*** Opening of Data extract ***

text \<open>val_L(gamma_xi(w, lambda)) for d = [L:Q_p]:
  val_L(|alpha(t)|_L) = -d * val_L(alpha(t)) and val_L of the pi_L-power is
  val_L(xi(^w t)) - val_L(xi(t)).  The condition alpha not in ^{w^{-1}}Phi^+ means ^w alpha not in Phi^+.\<close>
definition val_gamma :: "nat \<Rightarrow> (real ^ 'n) set \<Rightarrow> real ^ 'n \<Rightarrow>
    ((real ^ 'n \<Rightarrow> real ^ 'n) \<times> (real ^ 'n \<Rightarrow> real ^ 'n)) \<Rightarrow> real ^ 'n \<Rightarrow> real" where
  "val_gamma d Rp \<xi> w l =
     - real d * (\<Sum>\<alpha>\<in>{\<alpha>\<in>Rp. fst w \<alpha> \<notin> Rp}. \<alpha> \<bullet> l) + (\<xi> \<bullet> snd w l - \<xi> \<bullet> l)"

text \<open>V_R^xi; gamma^dom(lambda) = gamma(w, lambda) for any w with ^w lambda in Lambda^{--}.\<close>
definition V_xi :: "nat \<Rightarrow> (real ^ 'n) set \<Rightarrow> (real ^ 'n) set \<Rightarrow> (real ^ 'n \<Rightarrow> real ^ 'n)
    \<Rightarrow> real ^ 'n \<Rightarrow> (real ^ 'n) set" where
  "V_xi d R Rp cor \<xi> = {z. \<forall>l\<in>int_pts. \<forall>w\<in>weyl R cor.
      snd w l \<in> antidom_lattice Rp \<longrightarrow> z \<bullet> l \<ge> val_gamma d Rp \<xi> w l}"

end

theory Submission
  imports Defs
begin

(* Put c = d eta + xi. The sum over the inversion set of w in val_L gamma_xi(w, lambda) equals
   eta(lambda) - eta(w lambda), so val_L gamma_xi(w, lambda) = c(w lambda) - c(lambda), and z lies
   in V^xi iff c(mu) <= y(w^-1 mu) for y = z + c and every integral antidominant mu = w lambda.
   For fixed mu the values y(w^-1 mu) are the values u(mu), u in the W-orbit of y; their minimum
   is y^dom(mu), since y^dom - u is a nonnegative combination of positive roots (an induction on
   the length of words in the simple reflections, using the exchange condition). So z is in V^xi
   iff c - y^dom pairs nonpositively with every integral antidominant mu, which by Farkas' lemma
   and the density of rational points in the dual cone means y^dom <= c. *)

section \<open>Reflections and invariant forms\<close>

definition reflection :: "'a::real_inner \<Rightarrow> 'a \<Rightarrow> 'a \<Rightarrow> 'a" where
  "reflection \<alpha> \<beta> x = x - (x \<bullet> \<beta>) *\<^sub>R \<alpha>"

definition root_form :: "'a::real_inner set \<Rightarrow> 'a \<Rightarrow> 'a \<Rightarrow> real" where
  "root_form S x y = (\<Sum>b\<in>S. (x \<bullet> b) * (y \<bullet> b))"

lemma refl_X_eq_reflection: "refl_X cor a = reflection a (cor a)"
  by (simp add: fun_eq_iff refl_X_def reflection_def)

lemma refl_Lam_eq_reflection: "refl_Lam cor a = reflection (cor a) a"
  by (simp add: fun_eq_iff refl_Lam_def reflection_def inner_commute)

lemma reflection_reflection: "\<alpha> \<bullet> \<beta> = 2 \<Longrightarrow> reflection \<alpha> \<beta> (reflection \<alpha> \<beta> x) = x"
  by (simp add: reflection_def inner_diff_left algebra_simps)

lemma reflection_self: "\<alpha> \<bullet> \<beta> = 2 \<Longrightarrow> reflection \<alpha> \<beta> \<alpha> = - \<alpha>"
  by (simp add: reflection_def scaleR_2)

lemma inner_reflection_left: "reflection \<alpha> \<beta> x \<bullet> y = x \<bullet> reflection \<beta> \<alpha> y"
  by (simp add: reflection_def inner_diff_left inner_diff_right inner_commute algebra_simps)

lemma linear_reflection: "linear (reflection \<alpha> \<beta>)"
  by (rule linearI) (simp_all add: reflection_def inner_add_left algebra_simps)

lemma root_form_commute: "root_form S x y = root_form S y x"
  by (simp add: root_form_def mult.commute)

*** Close of Data extract ***

▸ **Exercise aim**: Reproduce word for word the material above, starting with the line that has "set \<Rightarrow> (real ^ 'n)" and stopping after the line that has "in V^xi iff".

▸ **Answer to this exercise**:
definition V_xi :: "nat \<Rightarrow> (real ^ 'n) set \<Rightarrow> (real ^ 'n) set \<Rightarrow> (real ^ 'n \<Rightarrow> real ^ 'n)
    \<Rightarrow> real ^ 'n \<Rightarrow> (real ^ 'n) set" where
  "V_xi d R Rp cor \<xi> = {z. \<forall>l\<in>int_pts. \<forall>w\<in>weyl R cor.
      snd w l \<in> antidom_lattice Rp \<longrightarrow> z \<bullet> l \<ge> val_gamma d Rp \<xi> w l}"

end

theory Submission
  imports Defs
begin

(* Put c = d eta + xi. The sum over the inversion set of w in val_L gamma_xi(w, lambda) equals
   eta(lambda) - eta(w lambda), so val_L gamma_xi(w, lambda) = c(w lambda) - c(lambda), and z lies
   in V^xi iff c(mu) <= y(w^-1 mu) for y = z + c and every integral antidominant mu = w lambda.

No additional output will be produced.